■ SOURCE MATERIAL:
--------------------------------------------------
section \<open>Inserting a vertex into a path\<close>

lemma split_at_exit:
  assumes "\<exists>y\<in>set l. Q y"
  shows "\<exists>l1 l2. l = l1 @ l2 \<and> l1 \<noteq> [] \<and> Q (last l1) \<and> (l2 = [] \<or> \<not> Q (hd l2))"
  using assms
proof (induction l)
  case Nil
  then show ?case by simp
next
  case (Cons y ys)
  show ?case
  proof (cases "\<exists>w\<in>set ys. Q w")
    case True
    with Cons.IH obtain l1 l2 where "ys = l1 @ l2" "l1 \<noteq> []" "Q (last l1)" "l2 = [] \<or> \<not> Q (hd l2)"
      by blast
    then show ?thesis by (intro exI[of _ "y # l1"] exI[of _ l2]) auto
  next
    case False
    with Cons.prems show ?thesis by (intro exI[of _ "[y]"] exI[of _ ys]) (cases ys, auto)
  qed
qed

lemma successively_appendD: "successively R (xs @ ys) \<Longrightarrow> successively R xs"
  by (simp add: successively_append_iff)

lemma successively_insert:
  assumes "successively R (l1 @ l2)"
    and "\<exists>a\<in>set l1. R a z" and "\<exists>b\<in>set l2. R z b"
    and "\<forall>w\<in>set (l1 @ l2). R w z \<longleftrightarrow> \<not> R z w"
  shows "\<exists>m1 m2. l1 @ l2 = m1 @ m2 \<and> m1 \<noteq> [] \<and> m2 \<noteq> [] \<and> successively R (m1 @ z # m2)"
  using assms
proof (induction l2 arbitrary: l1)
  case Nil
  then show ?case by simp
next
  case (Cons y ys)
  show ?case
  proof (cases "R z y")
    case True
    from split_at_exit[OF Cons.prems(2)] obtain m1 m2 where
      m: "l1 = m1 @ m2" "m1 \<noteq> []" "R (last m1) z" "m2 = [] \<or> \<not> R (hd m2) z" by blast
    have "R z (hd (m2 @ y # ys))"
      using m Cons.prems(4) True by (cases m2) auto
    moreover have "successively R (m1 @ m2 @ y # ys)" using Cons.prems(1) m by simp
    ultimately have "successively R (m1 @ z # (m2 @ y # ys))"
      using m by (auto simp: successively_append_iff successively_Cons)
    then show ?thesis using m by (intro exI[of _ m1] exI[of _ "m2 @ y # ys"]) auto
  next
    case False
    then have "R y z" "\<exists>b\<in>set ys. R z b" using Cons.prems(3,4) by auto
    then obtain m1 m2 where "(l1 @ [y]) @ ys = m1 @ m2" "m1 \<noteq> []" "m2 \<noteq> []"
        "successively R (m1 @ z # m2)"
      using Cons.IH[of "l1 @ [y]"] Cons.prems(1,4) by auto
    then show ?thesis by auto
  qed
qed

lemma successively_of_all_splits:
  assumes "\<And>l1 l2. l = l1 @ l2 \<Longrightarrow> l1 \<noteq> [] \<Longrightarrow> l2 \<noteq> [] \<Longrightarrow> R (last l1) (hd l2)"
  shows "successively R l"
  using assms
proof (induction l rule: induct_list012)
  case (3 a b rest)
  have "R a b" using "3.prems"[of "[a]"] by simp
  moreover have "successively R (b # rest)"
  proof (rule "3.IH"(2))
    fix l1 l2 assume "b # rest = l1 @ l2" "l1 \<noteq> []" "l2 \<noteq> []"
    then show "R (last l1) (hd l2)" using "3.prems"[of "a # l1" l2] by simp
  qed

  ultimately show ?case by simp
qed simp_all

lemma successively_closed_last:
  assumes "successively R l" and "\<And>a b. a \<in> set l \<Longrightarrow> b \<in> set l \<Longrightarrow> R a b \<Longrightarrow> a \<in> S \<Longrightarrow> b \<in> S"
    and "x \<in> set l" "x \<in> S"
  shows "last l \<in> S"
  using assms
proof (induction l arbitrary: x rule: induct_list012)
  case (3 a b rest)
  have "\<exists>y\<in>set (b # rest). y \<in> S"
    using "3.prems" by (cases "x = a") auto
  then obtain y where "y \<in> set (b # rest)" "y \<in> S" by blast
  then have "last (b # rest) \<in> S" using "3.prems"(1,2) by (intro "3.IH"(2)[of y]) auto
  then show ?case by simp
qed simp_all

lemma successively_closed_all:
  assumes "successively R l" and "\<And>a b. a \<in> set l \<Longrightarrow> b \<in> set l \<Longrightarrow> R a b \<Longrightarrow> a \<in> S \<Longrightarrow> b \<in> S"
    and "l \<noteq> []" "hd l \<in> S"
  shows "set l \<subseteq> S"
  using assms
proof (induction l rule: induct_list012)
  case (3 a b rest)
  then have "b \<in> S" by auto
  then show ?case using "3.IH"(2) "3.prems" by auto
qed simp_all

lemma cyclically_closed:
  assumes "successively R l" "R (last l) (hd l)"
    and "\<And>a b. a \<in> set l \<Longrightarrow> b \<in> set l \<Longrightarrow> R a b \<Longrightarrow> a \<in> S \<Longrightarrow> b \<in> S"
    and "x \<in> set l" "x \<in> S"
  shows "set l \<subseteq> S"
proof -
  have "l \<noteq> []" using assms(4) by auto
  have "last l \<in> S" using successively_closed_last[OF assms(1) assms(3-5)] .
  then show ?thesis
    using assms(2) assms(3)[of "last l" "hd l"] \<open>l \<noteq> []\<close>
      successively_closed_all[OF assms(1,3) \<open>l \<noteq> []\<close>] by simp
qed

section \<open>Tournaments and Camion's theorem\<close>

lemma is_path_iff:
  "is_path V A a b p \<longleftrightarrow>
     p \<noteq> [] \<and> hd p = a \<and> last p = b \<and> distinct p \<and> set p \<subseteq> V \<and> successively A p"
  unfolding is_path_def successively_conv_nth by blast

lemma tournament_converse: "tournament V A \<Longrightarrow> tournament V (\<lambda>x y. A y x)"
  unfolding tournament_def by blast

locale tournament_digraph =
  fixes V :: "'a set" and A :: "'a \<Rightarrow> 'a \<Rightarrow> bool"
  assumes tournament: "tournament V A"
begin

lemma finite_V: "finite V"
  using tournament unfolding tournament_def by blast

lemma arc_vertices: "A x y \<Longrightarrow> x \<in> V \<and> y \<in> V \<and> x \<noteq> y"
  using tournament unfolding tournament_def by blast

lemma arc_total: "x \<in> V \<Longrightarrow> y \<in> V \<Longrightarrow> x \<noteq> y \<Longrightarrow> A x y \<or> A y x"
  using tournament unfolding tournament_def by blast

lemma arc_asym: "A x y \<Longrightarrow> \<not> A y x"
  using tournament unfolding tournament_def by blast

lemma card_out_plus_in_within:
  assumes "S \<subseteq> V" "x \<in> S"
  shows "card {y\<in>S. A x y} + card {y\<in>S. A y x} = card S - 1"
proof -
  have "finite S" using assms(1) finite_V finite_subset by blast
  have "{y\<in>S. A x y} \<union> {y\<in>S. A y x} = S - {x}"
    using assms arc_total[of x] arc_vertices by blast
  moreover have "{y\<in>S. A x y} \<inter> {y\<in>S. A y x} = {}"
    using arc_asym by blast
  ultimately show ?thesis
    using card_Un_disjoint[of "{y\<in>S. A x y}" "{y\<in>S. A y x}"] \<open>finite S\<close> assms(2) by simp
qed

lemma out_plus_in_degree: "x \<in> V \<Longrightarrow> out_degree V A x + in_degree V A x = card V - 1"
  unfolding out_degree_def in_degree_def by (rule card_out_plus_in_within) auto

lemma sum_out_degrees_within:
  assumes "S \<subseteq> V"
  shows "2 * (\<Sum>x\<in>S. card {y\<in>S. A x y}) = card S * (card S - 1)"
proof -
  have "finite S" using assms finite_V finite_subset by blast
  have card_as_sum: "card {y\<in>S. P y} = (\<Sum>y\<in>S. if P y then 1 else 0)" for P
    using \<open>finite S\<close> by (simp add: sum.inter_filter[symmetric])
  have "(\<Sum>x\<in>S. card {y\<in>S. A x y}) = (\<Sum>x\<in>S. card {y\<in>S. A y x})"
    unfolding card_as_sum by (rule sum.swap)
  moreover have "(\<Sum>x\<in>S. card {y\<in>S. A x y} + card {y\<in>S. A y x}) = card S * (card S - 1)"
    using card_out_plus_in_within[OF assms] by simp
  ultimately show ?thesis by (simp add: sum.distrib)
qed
--------------------------------------------------
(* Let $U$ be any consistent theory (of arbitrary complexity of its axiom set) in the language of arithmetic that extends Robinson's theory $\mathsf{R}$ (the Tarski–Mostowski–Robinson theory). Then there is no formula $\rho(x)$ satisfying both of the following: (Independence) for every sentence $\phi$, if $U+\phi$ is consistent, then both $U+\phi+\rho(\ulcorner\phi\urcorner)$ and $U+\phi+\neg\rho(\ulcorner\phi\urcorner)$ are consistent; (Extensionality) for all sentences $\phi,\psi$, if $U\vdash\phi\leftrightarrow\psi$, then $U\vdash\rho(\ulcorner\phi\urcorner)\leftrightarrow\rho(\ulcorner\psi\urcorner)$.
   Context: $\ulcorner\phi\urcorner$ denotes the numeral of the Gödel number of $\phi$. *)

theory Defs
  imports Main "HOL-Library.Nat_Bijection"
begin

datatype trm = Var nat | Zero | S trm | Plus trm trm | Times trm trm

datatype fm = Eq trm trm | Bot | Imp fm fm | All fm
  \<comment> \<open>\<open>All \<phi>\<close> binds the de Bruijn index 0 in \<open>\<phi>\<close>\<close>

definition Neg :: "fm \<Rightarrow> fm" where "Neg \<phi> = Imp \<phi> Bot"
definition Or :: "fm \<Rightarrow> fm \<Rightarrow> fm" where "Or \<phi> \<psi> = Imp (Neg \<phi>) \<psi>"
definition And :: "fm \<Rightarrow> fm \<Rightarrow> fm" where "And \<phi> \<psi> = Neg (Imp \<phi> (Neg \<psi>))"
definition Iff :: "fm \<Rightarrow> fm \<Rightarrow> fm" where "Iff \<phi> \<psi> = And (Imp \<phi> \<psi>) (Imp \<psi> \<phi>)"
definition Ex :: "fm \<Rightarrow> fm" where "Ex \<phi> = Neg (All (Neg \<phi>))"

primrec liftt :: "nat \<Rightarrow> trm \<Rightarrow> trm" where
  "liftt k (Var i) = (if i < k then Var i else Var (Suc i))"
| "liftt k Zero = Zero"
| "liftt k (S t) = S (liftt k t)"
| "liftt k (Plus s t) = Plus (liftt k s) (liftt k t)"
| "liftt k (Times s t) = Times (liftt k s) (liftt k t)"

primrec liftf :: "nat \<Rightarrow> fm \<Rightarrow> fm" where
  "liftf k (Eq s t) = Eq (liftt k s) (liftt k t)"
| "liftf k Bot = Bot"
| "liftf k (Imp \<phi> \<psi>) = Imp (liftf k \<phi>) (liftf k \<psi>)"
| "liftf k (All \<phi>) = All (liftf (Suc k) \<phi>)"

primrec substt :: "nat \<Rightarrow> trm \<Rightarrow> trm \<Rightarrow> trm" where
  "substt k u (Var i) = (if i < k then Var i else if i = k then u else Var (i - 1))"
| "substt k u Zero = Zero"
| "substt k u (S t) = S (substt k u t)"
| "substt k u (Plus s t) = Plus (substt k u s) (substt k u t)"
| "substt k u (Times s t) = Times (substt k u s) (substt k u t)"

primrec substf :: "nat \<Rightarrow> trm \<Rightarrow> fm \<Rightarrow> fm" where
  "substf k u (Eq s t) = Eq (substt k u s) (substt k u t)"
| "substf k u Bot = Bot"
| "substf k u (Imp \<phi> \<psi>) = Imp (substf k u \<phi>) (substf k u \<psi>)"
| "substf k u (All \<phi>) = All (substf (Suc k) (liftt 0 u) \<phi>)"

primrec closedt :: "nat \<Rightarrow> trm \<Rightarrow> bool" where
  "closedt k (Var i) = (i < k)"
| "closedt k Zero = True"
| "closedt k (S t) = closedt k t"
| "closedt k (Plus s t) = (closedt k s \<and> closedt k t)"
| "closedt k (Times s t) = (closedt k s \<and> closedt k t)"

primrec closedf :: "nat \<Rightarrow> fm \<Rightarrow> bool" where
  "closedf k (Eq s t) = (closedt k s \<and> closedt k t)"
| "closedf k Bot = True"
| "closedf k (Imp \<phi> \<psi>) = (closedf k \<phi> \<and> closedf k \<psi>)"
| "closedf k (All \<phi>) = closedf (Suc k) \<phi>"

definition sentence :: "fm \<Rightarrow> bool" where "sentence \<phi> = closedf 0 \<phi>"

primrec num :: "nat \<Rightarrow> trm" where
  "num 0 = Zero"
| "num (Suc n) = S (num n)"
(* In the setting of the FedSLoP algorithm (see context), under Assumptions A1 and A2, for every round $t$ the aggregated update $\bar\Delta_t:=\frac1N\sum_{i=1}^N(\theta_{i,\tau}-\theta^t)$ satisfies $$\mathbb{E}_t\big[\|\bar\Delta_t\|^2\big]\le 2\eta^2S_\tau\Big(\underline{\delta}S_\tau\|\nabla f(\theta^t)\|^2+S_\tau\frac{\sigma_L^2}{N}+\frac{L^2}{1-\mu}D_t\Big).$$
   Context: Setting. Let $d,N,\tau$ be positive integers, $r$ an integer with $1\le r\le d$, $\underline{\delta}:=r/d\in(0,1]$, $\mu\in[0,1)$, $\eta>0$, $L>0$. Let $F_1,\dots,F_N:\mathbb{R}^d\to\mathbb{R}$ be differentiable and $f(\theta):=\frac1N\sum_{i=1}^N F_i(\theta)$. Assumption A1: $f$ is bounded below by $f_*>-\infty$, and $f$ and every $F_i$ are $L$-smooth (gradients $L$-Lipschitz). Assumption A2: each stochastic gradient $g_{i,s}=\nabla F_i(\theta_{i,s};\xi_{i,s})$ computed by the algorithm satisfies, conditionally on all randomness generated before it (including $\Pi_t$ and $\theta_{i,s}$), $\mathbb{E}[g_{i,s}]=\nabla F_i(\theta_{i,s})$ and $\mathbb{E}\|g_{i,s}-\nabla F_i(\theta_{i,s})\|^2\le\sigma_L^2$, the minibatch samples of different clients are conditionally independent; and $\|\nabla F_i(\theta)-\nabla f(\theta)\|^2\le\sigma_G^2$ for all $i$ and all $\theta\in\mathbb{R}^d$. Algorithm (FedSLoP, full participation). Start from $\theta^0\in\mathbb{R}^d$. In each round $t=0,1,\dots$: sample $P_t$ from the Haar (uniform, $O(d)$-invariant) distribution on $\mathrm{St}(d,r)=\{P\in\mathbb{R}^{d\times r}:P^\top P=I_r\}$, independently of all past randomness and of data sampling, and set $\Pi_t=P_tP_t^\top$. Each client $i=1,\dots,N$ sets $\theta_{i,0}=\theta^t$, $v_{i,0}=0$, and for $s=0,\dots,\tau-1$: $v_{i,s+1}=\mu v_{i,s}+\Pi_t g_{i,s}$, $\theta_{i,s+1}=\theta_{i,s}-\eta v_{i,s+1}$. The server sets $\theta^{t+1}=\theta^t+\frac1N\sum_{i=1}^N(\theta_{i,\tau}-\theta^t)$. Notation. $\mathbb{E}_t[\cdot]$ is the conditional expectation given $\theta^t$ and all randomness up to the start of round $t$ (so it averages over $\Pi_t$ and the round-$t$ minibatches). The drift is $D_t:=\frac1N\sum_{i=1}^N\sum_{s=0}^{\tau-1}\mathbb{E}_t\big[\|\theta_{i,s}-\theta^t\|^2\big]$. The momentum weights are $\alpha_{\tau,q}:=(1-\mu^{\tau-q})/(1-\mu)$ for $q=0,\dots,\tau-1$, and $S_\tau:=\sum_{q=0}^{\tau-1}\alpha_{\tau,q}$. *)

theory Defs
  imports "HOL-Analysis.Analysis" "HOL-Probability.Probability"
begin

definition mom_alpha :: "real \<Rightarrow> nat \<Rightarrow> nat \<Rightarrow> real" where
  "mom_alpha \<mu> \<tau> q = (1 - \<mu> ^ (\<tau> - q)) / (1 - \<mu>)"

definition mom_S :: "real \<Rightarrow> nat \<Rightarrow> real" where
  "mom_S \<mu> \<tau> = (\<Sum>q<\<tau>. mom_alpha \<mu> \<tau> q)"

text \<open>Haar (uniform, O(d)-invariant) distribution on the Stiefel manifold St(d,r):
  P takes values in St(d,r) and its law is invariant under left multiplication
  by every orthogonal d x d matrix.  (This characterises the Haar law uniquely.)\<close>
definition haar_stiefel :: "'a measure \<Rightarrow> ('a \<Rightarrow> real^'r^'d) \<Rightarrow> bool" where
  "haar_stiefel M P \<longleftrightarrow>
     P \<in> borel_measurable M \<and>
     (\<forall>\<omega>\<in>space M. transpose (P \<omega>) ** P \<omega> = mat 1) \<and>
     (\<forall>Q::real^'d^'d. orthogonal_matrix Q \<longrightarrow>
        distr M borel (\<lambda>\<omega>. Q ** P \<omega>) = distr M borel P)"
--------------------------------------------------
■ ABOUT THIS EXERCISE:
Collect the complete line wherever the string "shows" appears in the records.

■ THE COMPLETED TASK:
  shows "\<exists>l1 l2. l = l1 @ l2 \<and> l1 \<noteq> [] \<and> Q (last l1) \<and> (l2 = [] \<or> \<not> Q (hd l2))"
  shows "\<exists>m1 m2. l1 @ l2 = m1 @ m2 \<and> m1 \<noteq> [] \<and> m2 \<noteq> [] \<and> successively R (m1 @ z # m2)"
  shows "successively R l"
  shows "last l \<in> S"
  shows "set l \<subseteq> S"
  shows "set l \<subseteq> S"
  shows "card {y\<in>S. A x y} + card {y\<in>S. A y x} = card S - 1"
  shows "2 * (\<Sum>x\<in>S. card {y\<in>S. A x y}) = card S * (card S - 1)"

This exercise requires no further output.